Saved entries
lemma ennreal_le_imp_ereal_diff_ge:
  fixes N P :: ennreal and x y s :: real
  assumes le: "N + ennreal x \<le> P + ennreal s + ennreal y" and "N \<noteq> \<top>"
    and "0 \<le> x" "0 \<le> y" "0 \<le> s"
  shows "ereal (x - y - s) \<le> enn2ereal P - enn2ereal N"
proof (cases P rule: ennreal_cases)
  case (real r)
  obtain n where n: "N = ennreal n" "0 \<le> n"
    using \<open>N \<noteq> \<top>\<close> by (cases N rule: ennreal_cases) auto
  have "ennreal (n + x) \<le> ennreal (r + s + y)"
    using le assms real n by (simp add: ennreal_plus[symmetric] del: ennreal_plus)
  then have "n + x \<le> r + s + y"
    using assms real n by (subst (asm) ennreal_le_iff) auto
  then show ?thesis using real n by simp
qed (use \<open>N \<noteq> \<top>\<close> in \<open>cases N rule: ennreal_cases, auto\<close>)

lemma KL_parts_ge_test_function:
  assumes E: "prob_real \<eta>" and K: "prob_real \<kappa>" and ac: "absolutely_continuous \<kappa> \<eta>"
    and C[measurable]: "C \<in> borel_measurable borel" and "\<And>x. 0 \<le> C x" and C_pos: "AE x in \<eta>. 0 < C x"
  shows "(\<integral>\<^sup>+x. ennreal (max 0 (- ln (enn2real (RN_deriv \<kappa> \<eta> x)))) \<partial>\<eta>)
      + (\<integral>\<^sup>+x. ennreal (max 0 (1 + ln (C x))) \<partial>\<eta>)
    \<le> (\<integral>\<^sup>+x. ennreal (max 0 (ln (enn2real (RN_deriv \<kappa> \<eta> x)))) \<partial>\<eta>)
      + (\<integral>\<^sup>+x. ennreal (C x) \<partial>\<kappa>) + (\<integral>\<^sup>+x. ennreal (max 0 (- (1 + ln (C x)))) \<partial>\<eta>)"
proof -
  interpret K: real_distribution \<kappa> using real_distribution_if_prob_real[OF K] .
  interpret E: real_distribution \<eta> using real_distribution_if_prob_real[OF E] .
  define F where "F x = enn2real (RN_deriv \<kappa> \<eta> x)" for x
  have F[measurable]: "F \<in> borel_measurable borel"
    using borel_measurable_RN_deriv[of \<kappa> \<eta>] unfolding F_def by simp
  have "AE x in \<eta>. 0 < F x"
    unfolding F_def
    by (rule AE_RN_deriv_pos[OF K.sigma_finite_measure_axioms E.sigma_finite_measure_axioms ac]) simp
  \<comment> \<open>KL is a difference of possibly infinite integrals, so the tangent inequality
     is integrated in positive and negative parts\<close>
  then have "AE x in \<eta>. ennreal (max 0 (- ln (F x))) + ennreal (max 0 (1 + ln (C x)))
      \<le> ennreal (max 0 (ln (F x))) + ennreal (C x / F x) + ennreal (max 0 (- (1 + ln (C x))))"
    using C_pos
  proof eventually_elim
    case (elim x)
    then have "1 + ln (C x) - C x / F x \<le> ln (F x)" "0 \<le> C x / F x"
      by (simp_all add: ln_ge_tangent)
    then show ?case
      by (simp add: ennreal_plus[symmetric] ennreal_leI max_def del: ennreal_plus)
  qed
  then have "(\<integral>\<^sup>+x. ennreal (max 0 (- ln (F x))) \<partial>\<eta>) + (\<integral>\<^sup>+x. ennreal (max 0 (1 + ln (C x))) \<partial>\<eta>)
      \<le> (\<integral>\<^sup>+x. ennreal (max 0 (ln (F x))) \<partial>\<eta>) + (\<integral>\<^sup>+x. ennreal (C x / F x) \<partial>\<eta>)
        + (\<integral>\<^sup>+x. ennreal (max 0 (- (1 + ln (C x)))) \<partial>\<eta>)"
    by (simp add: nn_integral_add[symmetric] nn_integral_mono_AE)
  also have "(\<integral>\<^sup>+x. ennreal (C x / F x) \<partial>\<eta>) \<le> (\<integral>\<^sup>+x. ennreal (C x) \<partial>\<kappa>)"
    unfolding F_def using \<open>\<And>x. 0 \<le> C x\<close>
    by (intro nn_integral_divide_RN_deriv_le[OF K.sigma_finite_measure_axioms ac]) auto
  finally show ?thesis
    unfolding F_def by (simp add: add_mono add_right_mono)
qed

lemma KL_ge_two_valued:
  assumes E: "prob_real \<eta>" and K: "prob_real \<kappa>" and A[measurable]: "A \<in> sets borel"
    and c: "0 \<le> c" "0 \<le> c'" "c = 0 \<Longrightarrow> measure \<eta> A = 0" "c' = 0 \<Longrightarrow> measure \<eta> A = 1"
  shows "ereal (measure \<eta> A * (1 + ln c) + (1 - measure \<eta> A) * (1 + ln c')
            - c * measure \<kappa> A - c' * (1 - measure \<kappa> A)) \<le> KL \<eta> \<kappa>"
proof (cases "absolutely_continuous \<kappa> \<eta>")
  case False
  then show ?thesis by (simp add: KL_def)
next
  case ac: True
  interpret K: real_distribution \<kappa> using real_distribution_if_prob_real[OF K] .
  interpret E: real_distribution \<eta> using real_distribution_if_prob_real[OF E] .
  define a where "a = measure \<eta> A"
  define b where "b = measure \<kappa> A"
  define C where "C x = (if x \<in> A then c else c')" for x
  define P where "P = (\<integral>\<^sup>+x. ennreal (max 0 (ln (enn2real (RN_deriv \<kappa> \<eta> x)))) \<partial>\<eta>)"
  define N where "N = (\<integral>\<^sup>+x. ennreal (max 0 (- ln (enn2real (RN_deriv \<kappa> \<eta> x)))) \<partial>\<eta>)"
  have "AE x in \<eta>. x \<in> A \<longrightarrow> 0 < c"
    using c E.prob_eq_0[of A] by (cases "c = 0") auto
  moreover have "AE x in \<eta>. x \<notin> A \<longrightarrow> 0 < c'"
    using c E.AE_prob_1[of A] by (cases "c' = 0") auto
  ultimately have "AE x in \<eta>. 0 < C x"
    by eventually_elim (use c in \<open>auto simp: C_def\<close>)
  then have "N + (\<integral>\<^sup>+x. ennreal (max 0 (1 + ln (C x))) \<partial>\<eta>)
      \<le> P + (\<integral>\<^sup>+x. ennreal (C x) \<partial>\<kappa>) + (\<integral>\<^sup>+x. ennreal (max 0 (- (1 + ln (C x)))) \<partial>\<eta>)"
    unfolding P_def N_def using c by (intro KL_parts_ge_test_function[OF E K ac]) (auto simp: C_def)
  also have "(\<integral>\<^sup>+x. ennreal (C x) \<partial>\<kappa>) = ennreal (c * b + c' * (1 - b))"
    unfolding b_def by (rule nn_integral_two_valued[OF K.prob_space_axioms]) (use c in \<open>auto simp: C_def\<close>)
  also have "(\<integral>\<^sup>+x. ennreal (max 0 (1 + ln (C x))) \<partial>\<eta>)
      = ennreal (max 0 (1 + ln c) * a + max 0 (1 + ln c') * (1 - a))"
    unfolding a_def by (rule nn_integral_two_valued[OF E.prob_space_axioms]) (auto simp: C_def)
  also have "(\<integral>\<^sup>+x. ennreal (max 0 (- (1 + ln (C x)))) \<partial>\<eta>)
      = ennreal (max 0 (- (1 + ln c)) * a + max 0 (- (1 + ln c')) * (1 - a))"
    unfolding a_def by (rule nn_integral_two_valued[OF E.prob_space_axioms]) (auto simp: C_def)
  finally have "ereal (max 0 (1 + ln c) * a + max 0 (1 + ln c') * (1 - a)
      - (max 0 (- (1 + ln c)) * a + max 0 (- (1 + ln c')) * (1 - a)) - (c * b + c' * (1 - b)))
      \<le> enn2ereal P - enn2ereal N"
  proof (rule ennreal_le_imp_ereal_diff_ge)
    show "N \<noteq> \<top>"
      using nn_integral_neg_ln_RN_deriv_le_1[OF E K ac] unfolding N_def by (auto simp: top_unique)
    have "0 \<le> a" "a \<le> 1" "0 \<le> b" "b \<le> 1"
      unfolding a_def b_def by auto
    then show "0 \<le> max 0 (1 + ln c) * a + max 0 (1 + ln c') * (1 - a)"
      "0 \<le> max 0 (- (1 + ln c)) * a + max 0 (- (1 + ln c')) * (1 - a)" "0 \<le> c * b + c' * (1 - b)"
      using c by auto
  qed
  also have "enn2ereal P - enn2ereal N = KL \<eta> \<kappa>"
    using ac unfolding KL_def P_def N_def by simp
  finally show ?thesis
    unfolding a_def b_def
    using max_zero_diff_max_zero_neg[of "1 + ln c"] max_zero_diff_max_zero_neg[of "1 + ln c'"]
    by (simp add: algebra_simps)
qed

lemma KL_nonneg:
  assumes "prob_real \<eta>" "prob_real \<kappa>"
  shows "0 \<le> KL \<eta> \<kappa>"
  using KL_ge_two_valued[OF assms, of UNIV 1 1] by (simp add: zero_ereal_def)

lemma d2_le_KL:
  assumes E: "prob_real \<eta>" and K: "prob_real \<kappa>" and A: "A \<in> sets borel"
    and p: "0 < p" "p < 1" and sep: "(measure \<kappa> A - p) * (measure \<eta> A - p) \<le> 0"
  shows "ereal (d2 (measure \<eta> A) p) \<le> KL \<eta> \<kappa>"
proof -
  define a where "a = measure \<eta> A"
  define b where "b = measure \<kappa> A"
  have a: "0 \<le> a" "a \<le> 1"
    using prob_space.prob_le_1 E unfolding a_def prob_real_def by auto
  define t where "t = a / p * b + (1 - a) / (1 - p) * (1 - b)"
  have "t = 1 + (b - p) * (a - p) / (p * (1 - p))"
    unfolding t_def using p by (simp add: field_simps)
  moreover have "(b - p) * (a - p) / (p * (1 - p)) \<le> 0"
    using sep p unfolding a_def b_def by (intro divide_nonpos_pos) auto
  moreover have "a * (1 + ln (a / p)) + (1 - a) * (1 + ln ((1 - a) / (1 - p)))
      - a / p * b - (1 - a) / (1 - p) * (1 - b) = d2 a p + 1 - t"
    unfolding t_def d2_eq by (simp add: algebra_simps)
  ultimately have "ereal (d2 a p) \<le> ereal (a * (1 + ln (a / p)) + (1 - a) * (1 + ln ((1 - a) / (1 - p)))
      - a / p * b - (1 - a) / (1 - p) * (1 - b))"
    by simp
  \<comment> \<open>the test function c = a / p, c' = (1 - a) / (1 - p) is optimal when b = p\<close>
  also have "\<dots> \<le> KL \<eta> \<kappa>"
    using a p unfolding a_def b_def by (intro KL_ge_two_valued[OF E K A]) auto
  finally show ?thesis
    unfolding a_def .
qed

lemma KL_eq_two_valued:
  assumes E: "prob_real \<eta>" and ac: "absolutely_continuous \<kappa> \<eta>" and A: "A \<in> sets borel"
    and "0 < r" "0 < s" and RN: "AE x in \<eta>. RN_deriv \<kappa> \<eta> x = ennreal (if x \<in> A then r else s)"
  shows "KL \<eta> \<kappa> = ereal (measure \<eta> A * ln r + (1 - measure \<eta> A) * ln s)"
proof -
  interpret E: real_distribution \<eta> using real_distribution_if_prob_real[OF E] .
  define a where "a = measure \<eta> A"
  have a: "0 \<le> a" "a \<le> 1" unfolding a_def by auto
  have "(\<integral>\<^sup>+x. ennreal (max 0 (\<sigma> * ln (enn2real (RN_deriv \<kappa> \<eta> x)))) \<partial>\<eta>)
      = ennreal (max 0 (\<sigma> * ln r) * a + max 0 (\<sigma> * ln s) * (1 - a))" for \<sigma> :: real
    unfolding a_def using A RN \<open>0 < r\<close> \<open>0 < s\<close>
    by (intro nn_integral_two_valued[OF E.prob_space_axioms]) (auto elim!: eventually_mono)
  from this[of 1] this[of "- 1"] have "KL \<eta> \<kappa>
      = ereal (max 0 (ln r) * a + max 0 (ln s) * (1 - a)) - ereal (max 0 (- ln r) * a + max 0 (- ln s) * (1 - a))"
    using ac a by (simp add: KL_def del: ennreal_plus)
  then show ?thesis
    unfolding a_def[symmetric]
    using max_zero_diff_max_zero_neg[of "ln r"] max_zero_diff_max_zero_neg[of "ln s"]
    by (simp add: algebra_simps)
qed

lemma KL_self:
  assumes E: "prob_real \<eta>"
  shows "KL \<eta> \<eta> = 0"
proof -
  interpret E: real_distribution \<eta> using real_distribution_if_prob_real[OF E] .
  have "AE x in \<eta>. 1 = RN_deriv \<eta> \<eta> x"
    by (rule E.RN_deriv_unique) (simp_all add: density_1)
  moreover have "absolutely_continuous \<eta> \<eta>"
    by (simp add: absolutely_continuous_def)
  ultimately show ?thesis
    using KL_eq_two_valued[OF E, of \<eta> UNIV 1 1]
    by (auto elim!: eventually_mono)
qed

__Exercise brief__: Copy each line above where the string "intro" occurs.

__Response to the task__:
    by (intro nn_integral_divide_RN_deriv_le[OF K.sigma_finite_measure_axioms ac]) auto
    unfolding P_def N_def using c by (intro KL_parts_ge_test_function[OF E K ac]) (auto simp: C_def)
    using sep p unfolding a_def b_def by (intro divide_nonpos_pos) auto
    using a p unfolding a_def b_def by (intro KL_ge_two_valued[OF E K A]) auto
    by (intro nn_integral_two_valued[OF E.prob_space_axioms]) (auto elim!: eventually_mono)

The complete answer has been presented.